Without automation, installing a package on all cluster machines means SSHing into each of 25+ machines and running the install command. Configuration changes, security updates, and package installations all require the same manual repetition.

The Solution: Ansible

Ansible is an automation tool that lets you describe what you want and then applies it to many machines at once:

# This says: "I want htop installed on all machines"
- name: Install htop
  apt:
    name: htop
    state: present

When you run this playbook, Ansible:

  1. SSHs into all target machines (in parallel!)
  2. Checks if htop is already installed
  3. Installs it only if needed
  4. Reports what it did

Key concept: Idempotence - Running the same playbook twice should have the same result as running it once. If htop is already installed, Ansible does nothing on the second run.

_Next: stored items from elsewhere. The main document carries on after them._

(* Let $\mathcal{A}=\{1,\dots,N\}$, $\boldsymbol{\lambda}\in\mathbb{R}_+^N$, $\boldsymbol{\delta}\in\mathbb{R}^N$ with $\delta_i>0$, $B\in\mathbb{R}_+^{N\times N}$ with zero diagonal whose associated directed graph is weakly connected but not strongly connected, $\mathcal{S}\subset\mathbb{R}_+^N$ convex, $w:\mathbb{R}_+^N\to\mathbb{R}$ convex, $\mathbf{c}\in\mathbb{R}_+^N$, and $q_i:\mathbb{R}_+\to(0,1]$ decreasing, strictly convex, continuously differentiable. For $\mathbf{s}\in\mathcal{S}$ let $\bar{\mathbf{p}}^0(\mathbf{s}):=\bar{\mathbf{p}}(\mathbf{s})$ be the unique stable equilibrium of $\dot{\mathbf{p}}=(\mathbf{1}-\mathbf{p})\circ\mathbf{q}(\mathbf{s})\circ(\boldsymbol{\lambda}+B\mathbf{p})-\boldsymbol{\delta}\circ\mathbf{p}$, and for $\epsilon>0$ let $\bar{\mathbf{p}}^\epsilon(\mathbf{s})>\mathbf{0}$ be the unique strictly positive solution of $(\mathbf{1}-\mathbf{p})\circ(\boldsymbol{\lambda}+\epsilon\mathbf{1}+B\mathbf{p})-\mathbf{q}(\mathbf{s})^{-1}\circ\boldsymbol{\delta}\circ\mathbf{p}=\mathbf{0}$. Define $F^*_\epsilon:=\min_{\mathbf{s}\in\mathcal{S}}\big(w(\mathbf{s})+\mathbf{c}^{\mathsf T}\bar{\mathbf{p}}^\epsilon(\mathbf{s})\big)$ for $\epsilon\ge0$. Then $F^*_\epsilon$ is increasing in $\epsilon\ge0$.
   Context: $\circ$ is the element-wise product; $\mathbf{q}(\mathbf{s})=(q_i(s_i))_i$ and $\mathbf{q}(\mathbf{s})^{-1}$ is its element-wise inverse. The associated graph has an edge $(j,i)$ iff $b_{i,j}>0$. $\mathbf{c}$ is the vector of loss rates of infected systems, and $F^*_0$ is the optimal average cost of the original (unperturbed) problem. *)

theory Defs
  imports "HOL-Analysis.Analysis"
begin

definition graph_edges :: "real^'n^'n \<Rightarrow> ('n \<times> 'n) set" where
  "graph_edges B = {(j, i). B $ i $ j > 0}"

definition weakly_connected :: "real^'n^'n \<Rightarrow> bool" where
  "weakly_connected B \<longleftrightarrow>
     (\<forall>u v. (u, v) \<in> (graph_edges B \<union> (graph_edges B)\<inverse>)\<^sup>*)"

definition strongly_connected :: "real^'n^'n \<Rightarrow> bool" where
  "strongly_connected B \<longleftrightarrow> (\<forall>u v. (u, v) \<in> (graph_edges B)\<^sup>*)"

definition sis_field ::
  "real^'n \<Rightarrow> real^'n \<Rightarrow> real^'n^'n \<Rightarrow> ('n \<Rightarrow> real \<Rightarrow> real) \<Rightarrow> real^'n
   \<Rightarrow> real^'n \<Rightarrow> real^'n" where
  "sis_field lam delta B q s p =
     (\<chi> i. (1 - p $ i) * q i (s $ i) * (lam $ i + (B *v p) $ i) - delta $ i * p $ i)"

definition prob_box :: "(real^'n) set" where
  "prob_box = {p. \<forall>i. 0 \<le> p $ i \<and> p $ i \<le> 1}"

definition is_solution :: "(real^'n \<Rightarrow> real^'n) \<Rightarrow> (real^'n) set \<Rightarrow> (real \<Rightarrow> real^'n) \<Rightarrow> bool" where
  "is_solution f X x \<longleftrightarrow>
     (\<forall>t\<ge>0. (x has_vector_derivative f (x t)) (at t within {0..}) \<and> x t \<in> X)"

definition stable_equilibrium :: "(real^'n \<Rightarrow> real^'n) \<Rightarrow> (real^'n) set \<Rightarrow> real^'n \<Rightarrow> bool" where
  "stable_equilibrium f X p \<longleftrightarrow>
     p \<in> X \<and> f p = 0 \<and>
     (\<forall>e>0. \<exists>d>0. \<forall>x. is_solution f X x \<and> dist (x 0) p < d \<longrightarrow>
                         (\<forall>t\<ge>0. dist (x t) p < e)) \<and>
     (\<exists>d>0. \<forall>x. is_solution f X x \<and> dist (x 0) p < d \<longrightarrow> (x \<longlongrightarrow> p) at_top)"

definition pbar ::
  "real^'n \<Rightarrow> real^'n \<Rightarrow> real^'n^'n \<Rightarrow> ('n \<Rightarrow> real \<Rightarrow> real) \<Rightarrow> real
   \<Rightarrow> real^'n \<Rightarrow> real^'n" where
  "pbar lam delta B q eps s =
     (if eps = 0 then (THE p. stable_equilibrium (sis_field lam delta B q s) prob_box p)
      else (THE p. (\<forall>i. p $ i > 0) \<and>
              (\<forall>i. (1 - p $ i) * (lam $ i + eps + (B *v p) $ i)
                     - delta $ i * p $ i / q i (s $ i) = 0)))"

definition strict_convex_on :: "real set \<Rightarrow> (real \<Rightarrow> real) \<Rightarrow> bool" where
  "strict_convex_on A f \<longleftrightarrow> convex A \<and>
     (\<forall>x\<in>A. \<forall>y\<in>A. x \<noteq> y \<longrightarrow> (\<forall>u. 0 < u \<and> u < 1 \<longrightarrow>
        f ((1 - u) * x + u * y) < (1 - u) * f x + u * f y))"

definition objective ::
  "real^'n \<Rightarrow> real^'n \<Rightarrow> real^'n^'n \<Rightarrow> ('n \<Rightarrow> real \<Rightarrow> real) \<Rightarrow> (real^'n \<Rightarrow> real)
   \<Rightarrow> real^'n \<Rightarrow> real \<Rightarrow> real^'n \<Rightarrow> real" where
  "objective lam delta B q w c eps s = w s + c \<bullet> pbar lam delta B q eps s"

text \<open>F*_eps = min over S of the objective (stated as an infimum; attainment is assumed
  in the theorem, so this is the minimum).\<close>
definition Fstar ::
  "real^'n \<Rightarrow> real^'n \<Rightarrow> real^'n^'n \<Rightarrow> ('n \<Rightarrow> real \<Rightarrow> real) \<Rightarrow> (real^'n \<Rightarrow> real)
   \<Rightarrow> real^'n \<Rightarrow> (real^'n) set \<Rightarrow> real \<Rightarrow> real" where
  "Fstar lam delta B q w c S eps = (INF s\<in>S. objective lam delta B q w c eps s)"

end

(*
  Write q = q(s) and f(p) = (1 - p) o q o (lam + B p) - delta o p.  This field is cooperative
  (f_i is nondecreasing in p_j for j ~= i), so its flow on [0,1]^N preserves the componentwise
  order.  Hence the trajectory from 1 decreases to an equilibrium pmax lying above every
  equilibrium.  It is the unique stable one: near pmax, solutions are trapped between the
  trajectory from 1 and a scaled copy v pmax, which is a subequilibrium because
  f(v p) = (1 - v) q o (lam + v p o B p) at an equilibrium p; and every smaller equilibrium p
  repels, since f is concave along the segment from p to pmax.  So pbar^0(s) = pmax.

  For eps > 0, multiplying the defining equation by q shows that pbar^eps(s) is the positive
  equilibrium of the field with lam + eps 1 in place of lam: pmax is positive there, and a positive
  equilibrium p lies above (min p) pmax, which by the scaling identity forces p = pmax.  Comparing
  the trajectories from 1 shows that pmax is monotone in lam, so for c >= 0 the objective, and
  with it its minimum over S, is nondecreasing in eps.
*)

theory Submission
  imports Defs
begin

section \<open>Picard iteration for bounded Lipschitz fields\<close>

locale bounded_lipschitz_field =
  fixes F :: "'a::banach \<Rightarrow> 'a" and L M :: real
  assumes lipschitz: "L-lipschitz_on UNIV F"
    and bounded: "\<And>u. norm (F u) \<le> M"
begin

lemma norm_diff_le: "norm (F u - F v) \<le> L * norm (u - v)"
  using lipschitz by (rule lipschitz_on_normD) auto

lemma lipschitz_nonneg: "0 \<le> L"
  using lipschitz by (rule lipschitz_on_nonneg)

lemma bound_nonneg: "0 \<le> M"
  using bounded[of 0] norm_ge_zero order.trans by blast

lemma continuous_on_F: "continuous_on S F"
  using lipschitz_on_continuous_on[OF lipschitz] continuous_on_subset by blast

primrec picard_iter :: "'a \<Rightarrow> nat \<Rightarrow> real \<Rightarrow> 'a" where
  "picard_iter y 0 = (\<lambda>t. y)"
| "picard_iter y (Suc k) = (\<lambda>t. y + integral {0..t} (\<lambda>s. F (picard_iter y k s)))"

declare picard_iter.simps(2) [simp del]

lemma picard_iter_Suc_apply:
  "picard_iter y (Suc k) t = y + integral {0..t} (\<lambda>s. F (picard_iter y k s))"
  by (simp add: picard_iter.simps(2))

lemma picard_iter_at_0: "picard_iter y k 0 = y"
  by (cases k) (auto simp: picard_iter_Suc_apply)

lemma continuous_on_picard_iter: "continuous_on {0..} (picard_iter y k)"
proof (induction k)
  case 0
  then show ?case by simp
next
  case (Suc k)
  let ?g = "\<lambda>s. F (picard_iter y k s)"
  have cont: "continuous_on {0..} ?g"
    using continuous_on_compose2[OF continuous_on_F Suc] by auto
  note picard_iter_Suc_apply [simp]
  have "M-lipschitz_on {0..} (picard_iter y (Suc k))"
  proof (rule lipschitz_on_leI)
    fix a b :: real assume ab: "a \<in> {0..}" "b \<in> {0..}" "a \<le> b"
    have "integral {0..a} ?g + integral {a..b} ?g = integral {0..b} ?g"
      using ab by (intro Henstock_Kurzweil_Integration.integral_combine
          integrable_continuous_interval continuous_on_subset[OF cont]) auto
    then have "picard_iter y (Suc k) b - picard_iter y (Suc k) a = integral {a..b} ?g"
      by (simp add: algebra_simps)
    then have "dist (picard_iter y (Suc k) a) (picard_iter y (Suc k) b) = norm (integral {a..b} ?g)"
      by (metis dist_commute dist_norm)
    also have "\<dots> \<le> M * (b - a)"
      using ab by (intro integral_bound continuous_on_subset[OF cont]) (auto simp: bounded)
    finally show "dist (picard_iter y (Suc k) a) (picard_iter y (Suc k) b) \<le> M * dist a b"
      using ab by (simp add: dist_real_def)
  qed (rule bound_nonneg)
  then show ?case by (rule lipschitz_on_continuous_on)
qed

lemma continuous_on_F_picard_iter: "continuous_on {0..t} (\<lambda>s. F (picard_iter y k s))"
  using continuous_on_compose2[OF continuous_on_F continuous_on_picard_iter]
  by (rule continuous_on_subset) auto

Why Not Just Write a Shell Script?

You could write:

for host in tokyo osaka karakuri ...; do
    ssh $host "apt install htop"
done

But this has problems:

  • No parallelism (slow)
  • No error handling
  • No idempotence (runs apt install every time)
  • No structured way to organize tasks
  • Hard to maintain complex configurations

Ansible solves all of these.

How Our Ansible Setup Works

The Control Node

Ansible runs from a "control node" - a machine that SSHes into all the others. In our case, that's baunames.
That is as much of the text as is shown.